On March 29th of this year, Tracy Chevalier herself wrote on this blog, all about how she researches her novels. It was a fascinating piece and I said in the comments box at the time that I was longing to read the novel. Now I have read it, and I enjoyed it very much and would like to draw it to the attention of those people who love a good historical novel which manages to convey a whole lot of interesting information about a period (pre Civil War America) which we don't know terribly well, but who also want a rattling good story, which will involve them in the lives and loves of its protagonists.

Chevalier is drawn to the artistic or craft process. In her most famous book, The Girl with the Pearl Earring she goes into some detail in order to show us the way Vermeer mixed his paints; the way the paintings were set up and you closed the novel knowing a great deal about what it was like to be a painter at that time, as well, of course as what it was like to be his model. In perhaps my favourite of Chevalier's novels, The Lady and the Unicorn, the subject is the weaving of the famous set of tapestries presently in Musée de Cluny in Paris.

Here, our heroine, Honor Bright, leaves England to accompany her sister Grace to Ohio, which might just as well be on another planet. When Grace dies, Honor is left to make her own way in this strange new world, and the story of her adventures is full of romance, trials and tribulations, discoveries and awakenings. The book moves along swiftly. We see most things from Honor's point of view and there are her letters scattered through the text. She becomes aware of the existence of the Underground Railroad, a way of helping black slaves escape from their servitude in the South to safety in the North. The historical detail is very accurate and we hold our breath with Honor, who, towards the end of the book is hiding her part in the Railroad from her husband and family.

For me, though, the most beguiling aspect of the novel is the quilting. Reading about 'quilting frolics' and the different roles that quilts then played in a woman's life was enthralling. The different styles, the variations and nuances and colours and fabrics are cleverly mirrored in the patchwork way the book works: a bit of farm life, a bit of a letter, a memory of home, a whiff of a love story, a threat of great danger, and someone at the centre of it trying to make sense and harmony of her life as best she can. The characters in this novel, from milliners, to bounty hunters, to all the worthies of the Quaker community, and the (mostly) women who surround Honor most of the time, are all very well brought to life. The black characters too, strange to Honor, are given their fair weight in the story and one of the best moments is when Honor sees a quilt made by one of the Negro (sic) women and remarks on the difference between the two styles of quilting she has met in America, both of which are different from what she was used to in England.

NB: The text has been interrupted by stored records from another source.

lemma lcp_lz77_phrase_start:
  assumes "i \<le> lcp (lz77 A) (lz77 B)"
  shows "phrase_start B i = phrase_start A i \<and> phrase_start A i \<le> lcp A B
    \<and> lcp (lz77 A) (lz77 B) = i + lcp (lz_from A (phrase_start A i)) (lz_from B (phrase_start A i))"
  using assms
proof (induction i)
  case 0
  then show ?case by (simp add: lz77_def)
next
  case (Suc i)
  define p where "p = phrase_start A i"
  from Suc have IH: "phrase_start B i = p" "p \<le> lcp A B"
    "lcp (lz77 A) (lz77 B) = i + lcp (lz_from A p) (lz_from B p)"
    by (auto simp: p_def)
  with Suc.prems have pos: "0 < lcp (lz_from A p) (lz_from B p)" by simp
  have "p < length A"
  proof (rule ccontr)
    assume "\<not> p < length A"
    with pos show False by (simp add: lz_from_Nil)
  qed
  have "p < length B"
  proof (rule ccontr)
    assume "\<not> p < length B"
    with pos show False by (cases "lz_from A p") (simp_all add: lz_from_Nil)
  qed
  with \<open>p < length A\<close> have from_p: "lz_from A p = lz_phrase A p # lz_from A (p + lz_len A p + 1)"
      "lz_from B p = lz_phrase B p # lz_from B (p + lz_len B p + 1)"
    by (simp_all add: lz_from_Cons)
  with pos have phrase: "lz_phrase A p = lz_phrase B p" by (auto split: if_splits)
  then have "lz_len B p = lz_len A p" by (simp add: lz_phrase_def)
  moreover have "p + lz_len A p + 1 \<le> lcp A B"
    using lz_phrase_le_lcp[OF IH(2) \<open>p < length A\<close> \<open>p < length B\<close> phrase] .
  moreover have "lcp (lz_from A p) (lz_from B p)
      = Suc (lcp (lz_from A (p + lz_len A p + 1)) (lz_from B (p + lz_len A p + 1)))"
    using from_p phrase \<open>lz_len B p = lz_len A p\<close> by simp
  ultimately show ?case using IH by (simp add: p_def)
qed

definition lz_diverge_at :: "'a list \<Rightarrow> 'a list \<Rightarrow> nat \<Rightarrow> bool" where
  "lz_diverge_at A B p \<longleftrightarrow>
     p \<le> lcp A B \<and> (p < length A \<longrightarrow> p < length B \<longrightarrow> lz_phrase A p \<noteq> lz_phrase B p)"

lemma lz_diverge_at_commute: "lz_diverge_at A B p = lz_diverge_at B A p"
  unfolding lz_diverge_at_def by (auto simp: lcp_commute)

lemma lz_diverge_at_phrase_start:
  assumes "k = lcp (lz77 A) (lz77 B)"
  shows "phrase_start B k = phrase_start A k" "lz_diverge_at A B (phrase_start A k)"
proof -
  define p where "p = phrase_start A k"
  have "phrase_start B k = p" "p \<le> lcp A B" "lcp (lz_from A p) (lz_from B p) = 0"
    using lcp_lz77_phrase_start[of k A B] assms by (auto simp: p_def)
  moreover have "lz_phrase A p \<noteq> lz_phrase B p" if "p < length A" "p < length B"
    using \<open>lcp (lz_from A p) (lz_from B p) = 0\<close> that by (auto simp: lz_from_Cons split: if_splits)
  ultimately show "phrase_start B k = phrase_start A k" "lz_diverge_at A B (phrase_start A k)"
    by (auto simp: lz_diverge_at_def p_def)
qed

lemma lz_len_local:
  assumes "p + lz_len A p + 2 \<le> lcp A B"
  shows "lz_len B p = lz_len A p"
proof -
  let ?l = "lz_len A p"
  have len: "p + ?l + 2 \<le> length A" "p + ?l + 2 \<le> length B"
    using assms by (auto simp: le_lcp_iff)
  have iff: "m \<le> lz_len A p \<longleftrightarrow> m \<le> lz_len B p" if m: "m \<le> ?l + 1" for m
  proof -
    have "m \<le> lcp (drop s A) (drop p A) \<longleftrightarrow> m \<le> lcp (drop s B) (drop p B)" if "s < p" for s
      using that m assms by (intro lcp_drop_cong) auto
    then have "(\<exists>s<p. m \<le> lcp (drop s A) (drop p A)) \<longleftrightarrow> (\<exists>s<p. m \<le> lcp (drop s B) (drop p B))"
      by blast
    with len m show ?thesis unfolding le_lz_len_iff by auto
  qed
  from iff[of ?l] iff[of "?l + 1"] show ?thesis by simp
qed

lemma lz_src_local:
  assumes "lz_len B p = lz_len A p" "p + lz_len A p \<le> lcp A B"
  shows "lz_src B p = lz_src A p"
proof -
  have "s < p \<and> lz_len A p \<le> lcp (drop s A) (drop p A)
      \<longleftrightarrow> s < p \<and> lz_len A p \<le> lcp (drop s B) (drop p B)" for s
    using lcp_drop_cong[of s p "lz_len A p" A B] assms(2) by auto
  then show ?thesis unfolding lz_src_def assms(1) by simp
qed

section \<open>The first differing phrases\<close>

definition agree_len :: "'a list \<Rightarrow> nat \<Rightarrow> nat \<Rightarrow> nat" where
  "agree_len S p s = (LEAST j. j = lz_len S p
     \<or> self_copy (take p S) (lz_src S p) j \<noteq> self_copy (take p S) s j)"

lemma agree_len_le: "agree_len S p s \<le> lz_len S p"
  unfolding agree_len_def by (rule Least_le) simp

lemma self_copy_less_agree_len:
  "j < agree_len S p s \<Longrightarrow> self_copy (take p S) (lz_src S p) j = self_copy (take p S) s j"
  unfolding agree_len_def by (drule not_less_Least) simp

lemma agree_len_cases:
  "agree_len S p s = lz_len S p
   \<or> self_copy (take p S) (lz_src S p) (agree_len S p s) \<noteq> self_copy (take p S) s (agree_len S p s)"
  unfolding agree_len_def by (rule LeastI[of _ "lz_len S p"]) simp

definition copy_matches :: "'a list \<Rightarrow> nat \<Rightarrow> nat \<Rightarrow> nat \<Rightarrow> bool" where
  "copy_matches S p s j \<longleftrightarrow> p + j < length S \<and> S ! (p + j) = self_copy (take p S) s j"

definition phrase_lcp :: "'a list \<Rightarrow> 'a list \<Rightarrow> nat \<Rightarrow> nat" where
  "phrase_lcp A B p = min (agree_len A p (lz_src B p)) (agree_len B p (lz_src A p))"

lemma phrase_lcp_commute: "phrase_lcp A B p = phrase_lcp B A p"
  unfolding phrase_lcp_def by simp

lemma phrase_lcp_le: "phrase_lcp A B p \<le> lz_len A p" "phrase_lcp A B p \<le> lz_len B p"
  using agree_len_le[of A p "lz_src B p"] agree_len_le[of B p "lz_src A p"]
  unfolding phrase_lcp_def by simp_all

lemma phrase_lcp_le_lcp:
  assumes "p \<le> lcp A B"
  shows "p + phrase_lcp A B p \<le> lcp A B"
proof (cases "phrase_lcp A B p = 0")
  case True
  with assms show ?thesis by simp
next
  case False
  let ?q = "phrase_lcp A B p"
  have prefix: "take p A = take p B" using assms by (simp add: le_lcp_iff)
  have len: "p + ?q \<le> length A" "p + ?q \<le> length B"
    using lz_len_le[of A p] lz_len_le[of B p] phrase_lcp_le[of A B p] False by linarith+
  have "A ! j = B ! j" if j: "j < p + ?q" for j
  proof (cases "j < p")
    case True
    then show ?thesis using prefix by (metis nth_take)
  next
    case False
    then obtain i where i: "j = p + i" "i < ?q"
      using j by (metis add_less_cancel_left le_add_diff_inverse not_less)
    then have "i < agree_len A p (lz_src B p)" "i < lz_len A p" "i < lz_len B p"
      using phrase_lcp_le[of A B p] by (auto simp: phrase_lcp_def)
    have "A ! (p + i) = self_copy (take p A) (lz_src A p) i"
      by (rule lz_phrase_self_copy) fact
    also have "\<dots> = self_copy (take p A) (lz_src B p) i"
      by (rule self_copy_less_agree_len) fact
    also have "\<dots> = B ! (p + i)"
      using prefix lz_phrase_self_copy[of i B p] \<open>i < lz_len B p\<close> by simp
    finally show ?thesis using i(1) by simp
  qed
  with len show ?thesis unfolding le_lcp_iff by (auto intro: nth_take_lemma)
qed

lemma lcp_le_phrase_lcp_if_lengths:
  assumes "lz_diverge_at A B p" "phrase_lcp A B p = lz_len A p" "phrase_lcp A B p = lz_len B p"
  shows "lcp A B \<le> p + phrase_lcp A B p"
proof (rule ccontr)
  let ?q = "phrase_lcp A B p"
  assume "\<not> lcp A B \<le> p + ?q"
  then have lt: "p + ?q < lcp A B" by simp
  then have "p + ?q < length A" "p + ?q < length B" "A ! (p + ?q) = B ! (p + ?q)"
    using less_lcp_iff[of "p + ?q" A B] by auto
  moreover have "lz_src B p = lz_src A p"
    using assms(2,3) lt by (intro lz_src_local) auto
  ultimately have "lz_phrase A p = lz_phrase B p"
    using assms(2,3) by (simp add: lz_phrase_def)
  with assms(1) \<open>p + ?q < length A\<close> \<open>p + ?q < length B\<close> show False
    by (simp add: lz_diverge_at_def)
qed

I don't know whether Tracy Chevalier will take it as a compliment, but I intend it as one when I say that I think The Last Runaway is a perfect teenage novel, too. I think that anyone from about the age of 14 who likes an exciting, romantic, historically accurate novel will enjoy this book and I would urge fans of, for instance, Celia Rees's Witch Child, to try Tracy Chevalier. I am wondering where her curiosity will take her next.